Trends Report

Brief: Microsoft Opens Up ALM Collaboration To All (At Last)

Stakeholder License For Visual Studio Online Improves Collaborative ALM Capabilities

September 8th, 2014
Jeffrey Hammond, null
Jeffrey Hammond
Kurt Bittner, null
Kurt Bittner
With contributors:
Diego Lo Giudice , Christopher Mines , Dominique Whittaker

Summary

On August 27, 2014, Microsoft announced a significant change to its Visual Studio Online (VSO) hosted application life-cycle management (ALM) service: stakeholder licenses. This licensing change allows application development and delivery (AD&D) teams to add an unlimited number of internal and external stakeholders to development projects who can add and edit project work items and review the current state of a project's backlog.
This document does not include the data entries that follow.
(* Let $U,V$ be unitary operators on a finite-dimensional complex Hilbert space $\mathcal H$. Then there exists a real number $x$ such that $$D(U,V)=\tfrac12\,\|U-e^{ix}V\|,$$ where $\|\cdot\|$ is the operator norm $\|A\|=\max_{\|\psi\|=1}\|A\psi\|$.
   Context: For unitary operators $U,V$ on a finite-dimensional complex Hilbert space $\mathcal H$ define the u-distance $D(U,V)=\max_{\|\psi\|=1}\big(1-|\langle\psi,U^\dagger V\psi\rangle|^2\big)^{1/2}=\big(1-\min_{\|\psi\|=1}|\langle\psi,U^\dagger V\psi\rangle|^2\big)^{1/2}$. *)

theory Defs
  imports "HOL-Analysis.Analysis"
begin

text \<open>The finite-dimensional complex Hilbert space H is modelled as complex ^ 'n
  ('n a finite index type, so dim H = CARD('n) >= 1); the HOL-Analysis norm on
  complex ^ 'n is the Hilbert-space norm sqrt(sum |psi_i|^2).\<close>

definition cinner :: "complex ^ 'n \<Rightarrow> complex ^ 'n \<Rightarrow> complex" where
  "cinner \<psi> \<phi> = (\<Sum>i\<in>UNIV. cnj (\<psi> $ i) * \<phi> $ i)"

definition adjoint_mat :: "complex ^ 'n ^ 'n \<Rightarrow> complex ^ 'n ^ 'n" where
  "adjoint_mat A = (\<chi> i j. cnj (A $ j $ i))"

definition unitary_mat :: "complex ^ 'n ^ 'n \<Rightarrow> bool" where
  "unitary_mat U \<longleftrightarrow> U ** adjoint_mat U = mat 1 \<and> adjoint_mat U ** U = mat 1"

definition udist :: "complex ^ 'n ^ 'n \<Rightarrow> complex ^ 'n ^ 'n \<Rightarrow> real" where
  "udist U V = Sup {sqrt (1 - (cmod (cinner \<psi> ((adjoint_mat U ** V) *v \<psi>)))\<^sup>2) | \<psi>. norm \<psi> = 1}"

definition op_norm :: "complex ^ 'n ^ 'n \<Rightarrow> real" where
  "op_norm A = Sup {norm (A *v \<psi>) | \<psi>. norm \<psi> = 1}"

end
As a result, development teams can now worry less about the costs of involving all stakeholders in development projects, and centrally manage demand for defect fixes, new features, and requirements as a single backlog, tightly linked to source code changes. Making this change was no doubt a careful bet by Microsoft's Visual Studio team, as client access licenses (CALs) for Team Foundation Server generate a healthy revenue stream. With this licensing change, development teams should reexamine the cost/benefit ratio of Microsoft's ALM solutions, which in some project contexts will be much more favorable.